_EXERCISE AIM_
In the listing below, pick out lines with "thesis".

##### RECORDS FOR THIS EXERCISE #####

lemma L2T_mat_sq_integrable:
  assumes "L2T \<phi>"
  shows "mat_sq_integrable (2*pi) (Vmat \<phi>)" "mat_sq_integral (2*pi) (Vmat \<phi>) = 4 * pi * L2norm \<phi>^2"
proof -
  have sq: "norm (Vmat \<phi> t)^2 = 2 * cmod (\<phi> t)^2" for t
    by (simp add: Vmat_eq_potential_matrix norm_potential_matrix power_mult_distrib)
  have "potential_matrix \<in> borel_measurable borel"
    using continuous_potential_matrix by (rule borel_measurable_continuous_onI)
  with assms have "(\<lambda>x. potential_matrix (\<phi> x)) \<in> borel_measurable (lebesgue_on {0..2*pi})"
    unfolding L2T_def by (auto intro: measurable_compose)
  then have meas: "Vmat \<phi> \<in> borel_measurable (lebesgue_on {0..2*pi})"
    by (simp add: Vmat_eq_potential_matrix[abs_def])
  have "((\<lambda>t. norm (Vmat \<phi> t)^2) has_integral 4 * pi * L2norm \<phi>^2) {0..2*pi}"
    unfolding sq using has_integral_mult_right[OF L2T_has_integral[OF assms], of 2]
    by (simp add: mult.assoc)
  then show "mat_sq_integrable (2*pi) (Vmat \<phi>)" "mat_sq_integral (2*pi) (Vmat \<phi>) = 4 * pi * L2norm \<phi>^2"
    using meas by (auto simp: mat_sq_integrable_def mat_sq_integral_def integral_unique)
qed

lemma L2T_shift_mat_sq_integrable:
  assumes "L2T \<phi>" "cmod lam \<le> R"
  shows "mat_sq_integrable (2*pi) (\<lambda>t. Vmat \<phi> t + mat (lam/2))"
    and "mat_sq_integral (2*pi) (\<lambda>t. Vmat \<phi> t + mat (lam/2)) \<le> 8 * pi * L2norm \<phi>^2 + 2 * pi * R^2"
  using mat_sq_integrable_shift[OF L2T_mat_sq_integrable(1)[OF assms(1)] _ assms(2)]
    L2T_mat_sq_integrable(2)[OF assms(1)]
  by (auto simp: algebra_simps)

lemma is_Psi_iff_fundamental_solution:
  assumes "L2T \<phi>"
  shows "is_Psi \<phi> lam \<Psi> \<longleftrightarrow> is_fundamental_solution (2*pi) (\<lambda>t. Vmat \<phi> t + mat (lam/2)) \<Psi>"
  using mat_sq_integrable_mult_continuous_integrable_on[OF L2T_shift_mat_sq_integrable(1)[OF assms order_refl]]
  unfolding is_Psi_def is_fundamental_solution_def by auto

lemma Delta_eq_trace_fundamental_matrix:
  assumes "L2T \<phi>"
  shows "Delta \<phi> lam = trace (fundamental_matrix (\<lambda>t. Vmat \<phi> t + mat (lam/2)) (2*pi))"
  unfolding Delta_def
proof (rule the_equality)
  note W = L2T_shift_mat_sq_integrable(1)[OF assms order_refl]
  note solves = fundamental_matrix_solves[OF W, simplified]
  show "\<exists>\<Psi>. is_Psi \<phi> lam \<Psi> \<and> trace (fundamental_matrix (\<lambda>t. Vmat \<phi> t + mat (lam/2)) (2*pi))
      = trace (\<Psi> (2*pi))"
    using solves is_Psi_iff_fundamental_solution[OF assms] by blast
  show "d = trace (fundamental_matrix (\<lambda>t. Vmat \<phi> t + mat (lam/2)) (2*pi))"
    if "\<exists>\<Psi>. is_Psi \<phi> lam \<Psi> \<and> d = trace (\<Psi> (2*pi))" for d
    using that fundamental_solution_unique[OF W _ solves, where x = "2*pi"]
      is_Psi_iff_fundamental_solution[OF assms] by auto
qed

lemma Delta_entire:
  assumes "L2T \<phi>"
  shows "Delta \<phi> holomorphic_on UNIV"
proof -
  have "Delta \<phi> = (\<lambda>lam. trace (fundamental_matrix (\<lambda>t. Vmat \<phi> t + mat (lam/2)) (2*pi)))"
    using Delta_eq_trace_fundamental_matrix[OF assms] by blast
  then show ?thesis
    using trace_fundamental_matrix_entire[OF L2T_mat_sq_integrable(1)[OF assms], of "2*pi"] by simp
qed

lemma norm_Delta_diff_le:
  assumes \<phi>: "L2T \<phi>" "L2norm \<phi>^2 \<le> M" and \<psi>: "L2T \<psi>" "L2norm \<psi>^2 \<le> M" and lam: "cmod lam \<le> R"
  shows "cmod (Delta \<phi> lam - Delta \<psi> lam)
    \<le> 16 * pi * exp (4 * pi * (8 * pi * M + 2 * pi * R^2)) * L2norm (\<lambda>x. \<phi> x - \<psi> x)"
proof -
  define \<omega> where "\<omega> = 8 * pi * M + 2 * pi * R^2"
  define \<Phi> where "\<Phi> \<xi> = fundamental_matrix (\<lambda>t. Vmat \<xi> t + mat (lam/2)) (2*pi)" for \<xi>
  define d where "d = L2norm (\<lambda>x. \<phi> x - \<psi> x)"
  have bound: "mat_sq_integral (2*pi) (\<lambda>t. Vmat \<xi> t + mat (lam/2)) \<le> \<omega>"
    if "L2T \<xi>" "L2norm \<xi>^2 \<le> M" for \<xi>
  proof -
    have "8 * pi * L2norm \<xi>^2 \<le> 8 * pi * M"
      using that(2) by (intro mult_left_mono) auto
    then show ?thesis
      using L2T_shift_mat_sq_integrable(2)[OF that(1) lam] unfolding \<omega>_def by linarith
  qed
  note W = L2T_shift_mat_sq_integrable(1)[OF _ lam]
  have "norm (\<Phi> \<phi> - \<Phi> \<psi>)^2
      \<le> 8 * (2*pi) * exp (4 * \<omega> * (2*pi)) * mat_sq_integral (2*pi) (\<lambda>t. Vmat \<phi> t - Vmat \<psi> t)"
    using fundamental_solution_stability[OF W[OF \<phi>(1)] bound[OF \<phi>] W[OF \<psi>(1)] bound[OF \<psi>]
        fundamental_matrix_solves[OF W[OF \<phi>(1)]] fundamental_matrix_solves[OF W[OF \<psi>(1)]], of "2*pi"]
    by (simp add: \<Phi>_def)
  also have "\<dots> = (8 * pi * exp (4 * pi * \<omega>) * d)^2"
    unfolding Vmat_diff L2T_mat_sq_integrable(2)[OF L2T_diff[OF \<phi>(1) \<psi>(1)]] d_def
    by (simp add: power_mult_distrib power2_eq_square flip: exp_add)
  finally have "norm (\<Phi> \<phi> - \<Phi> \<psi>) \<le> 8 * pi * exp (4 * pi * \<omega>) * d"
    by (rule power2_le_imp_le) (simp add: d_def L2norm_def)
  moreover have "cmod (Delta \<phi> lam - Delta \<psi> lam) \<le> 2 * norm (\<Phi> \<phi> - \<Phi> \<psi>)"
    unfolding Delta_eq_trace_fundamental_matrix[OF \<phi>(1)] Delta_eq_trace_fundamental_matrix[OF \<psi>(1)]
      \<Phi>_def trace_sub[symmetric]
    by (rule norm_trace_le)
  ultimately show ?thesis
    unfolding \<omega>_def d_def by simp
qed

lemma Delta_derivatives_lipschitz:
  "\<exists>C. \<forall>\<phi>\<in>Omega N. \<forall>\<psi>\<in>Omega N.
     sqrt (\<Sum>j\<le>k. (cmod ((deriv ^^ j) (Delta \<phi>) 0 - (deriv ^^ j) (Delta \<psi>) 0))^2)
       \<le> C * L2norm (\<lambda>x. \<phi> x - \<psi> x)"
proof (intro exI ballI)
  define L where "L = 16 * pi * exp (4 * pi * (8 * pi * N + 2 * pi * 1^2))"
  fix \<phi> \<psi> assume "\<phi> \<in> Omega N" "\<psi> \<in> Omega N"
  then have \<phi>: "L2T \<phi>" "L2norm \<phi>^2 \<le> N" and \<psi>: "L2T \<psi>" "L2norm \<psi>^2 \<le> N"
    by (auto dest: Omega_D)
  define d where "d = L2norm (\<lambda>x. \<phi> x - \<psi> x)"
  define f where "f w = Delta \<phi> w - Delta \<psi> w" for w
  have hol: "f holomorphic_on UNIV"
    unfolding f_def using Delta_entire[OF \<phi>(1)] Delta_entire[OF \<psi>(1)] by (intro holomorphic_intros)
  have deriv: "cmod ((deriv ^^ j) (Delta \<phi>) 0 - (deriv ^^ j) (Delta \<psi>) 0) \<le> fact j * (L * d)" for j
  proof -
    have "(deriv ^^ j) f 0 = (deriv ^^ j) (Delta \<phi>) 0 - (deriv ^^ j) (Delta \<psi>) 0"
      unfolding f_def by (rule higher_deriv_diff[OF Delta_entire[OF \<phi>(1)] Delta_entire[OF \<psi>(1)]]) auto
    moreover have "norm ((deriv ^^ j) f 0) \<le> fact j * (L * d) / 1^j"
    proof (rule Cauchy_inequality)
      show "f holomorphic_on ball 0 1"
        using hol by (rule holomorphic_on_subset) auto
      show "continuous_on (cball 0 1) f"
        using holomorphic_on_imp_continuous_on[OF hol] by (rule continuous_on_subset) auto
      show "norm (f w) \<le> L * d" if "norm (0 - w) = 1" for w
        unfolding f_def L_def d_def using that by (intro norm_Delta_diff_le \<phi> \<psi>) auto
    qed simp
    ultimately show ?thesis by simp
  qed
  have "sqrt (\<Sum>j\<le>k. (cmod ((deriv ^^ j) (Delta \<phi>) 0 - (deriv ^^ j) (Delta \<psi>) 0))^2)
      = L2_set (\<lambda>j. cmod ((deriv ^^ j) (Delta \<phi>) 0 - (deriv ^^ j) (Delta \<psi>) 0)) {..k}"
    by (simp add: L2_set_def)
  also have "\<dots> \<le> (\<Sum>j\<le>k. cmod ((deriv ^^ j) (Delta \<phi>) 0 - (deriv ^^ j) (Delta \<psi>) 0))"
    by (rule L2_set_le_sum) simp
  also have "\<dots> \<le> (\<Sum>j\<le>k. fact j * (L * d))"
    by (rule sum_mono) (rule deriv)
  finally show "sqrt (\<Sum>j\<le>k. (cmod ((deriv ^^ j) (Delta \<phi>) 0 - (deriv ^^ j) (Delta \<psi>) 0))^2)
      \<le> ((\<Sum>j\<le>k. fact j) * L) * L2norm (\<lambda>x. \<phi> x - \<psi> x)"
    by (simp add: d_def sum_distrib_right mult.assoc)
qed

lemma Delta_continuous_uniformly_on_compact:
  assumes \<phi>: "L2T \<phi>" and K: "compact K" and \<epsilon>: "\<epsilon> > 0"
  shows "\<exists>\<delta>>0. \<forall>\<psi>. L2T \<psi> \<and> L2norm (\<lambda>x. \<psi> x - \<phi> x) < \<delta> \<longrightarrow>
     (\<forall>lam\<in>K. cmod (Delta \<psi> lam - Delta \<phi> lam) < \<epsilon>)"
proof -
  obtain R where R: "\<And>lam. lam \<in> K \<Longrightarrow> cmod lam \<le> R"
    using compact_imp_bounded[OF K] by (auto simp: bounded_iff)
  define M where "M = 2 * L2norm \<phi>^2 + 2"
  define L where "L = 16 * pi * exp (4 * pi * (8 * pi * M + 2 * pi * R^2))"
  have L: "0 < L" unfolding L_def by simp
  show ?thesis
  proof (intro exI[of _ "min 1 (\<epsilon> / L)"] conjI allI impI ballI)
    show "0 < min 1 (\<epsilon> / L)" using \<epsilon> L by simp
    fix \<psi> lam assume "L2T \<psi> \<and> L2norm (\<lambda>x. \<psi> x - \<phi> x) < min 1 (\<epsilon> / L)" and lam: "lam \<in> K"
    then have \<psi>: "L2T \<psi>" and close: "L2norm (\<lambda>x. \<psi> x - \<phi> x) < 1" "L2norm (\<lambda>x. \<psi> x - \<phi> x) < \<epsilon> / L"
      by auto
    have "L2norm (\<lambda>x. \<psi> x - \<phi> x)^2 \<le> 1"
      using close(1) L2norm_def by (simp add: power_le_one)
    then have "L2norm \<psi>^2 \<le> M"
      using L2norm_sq_le_diff[OF \<phi> \<psi>] unfolding M_def by linarith
    moreover have "L2norm \<phi>^2 \<le> M" unfolding M_def by simp
    ultimately have "cmod (Delta \<psi> lam - Delta \<phi> lam) \<le> L * L2norm (\<lambda>x. \<psi> x - \<phi> x)"
      unfolding L_def by (intro norm_Delta_diff_le \<phi> \<psi> R lam)
    also have "\<dots> < \<epsilon>"
      using close(2) L by (simp add: field_simps)
    finally show "cmod (Delta \<psi> lam - Delta \<phi> lam) < \<epsilon>" .
  qed
qed

theorem lemma3p1:
  shows "(\<forall>(k::nat) (N::real). \<exists>C::real. \<forall>\<phi>\<in>Omega N. \<forall>\<psi>\<in>Omega N.
            sqrt (\<Sum>j\<le>k. (cmod ((deriv ^^ j) (Delta \<phi>) 0 - (deriv ^^ j) (Delta \<psi>) 0))^2)
              \<le> C * L2norm (\<lambda>x. \<phi> x - \<psi> x))
       \<and> (\<forall>\<phi>. L2T \<phi> \<longrightarrow> (\<forall>K::complex set. compact K \<longrightarrow>
            (\<forall>\<epsilon>>0. \<exists>\<delta>>0. \<forall>\<psi>. L2T \<psi> \<and> L2norm (\<lambda>x. \<psi> x - \<phi> x) < \<delta> \<longrightarrow>
               (\<forall>lam\<in>K. cmod (Delta \<psi> lam - Delta \<phi> lam) < \<epsilon>))))"
  using Delta_derivatives_lipschitz Delta_continuous_uniformly_on_compact by blast

end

#####

_WRITTEN RESPONSE_
  then show ?thesis
    then show ?thesis
  ultimately show ?thesis
    ultimately show ?thesis by simp
  show ?thesis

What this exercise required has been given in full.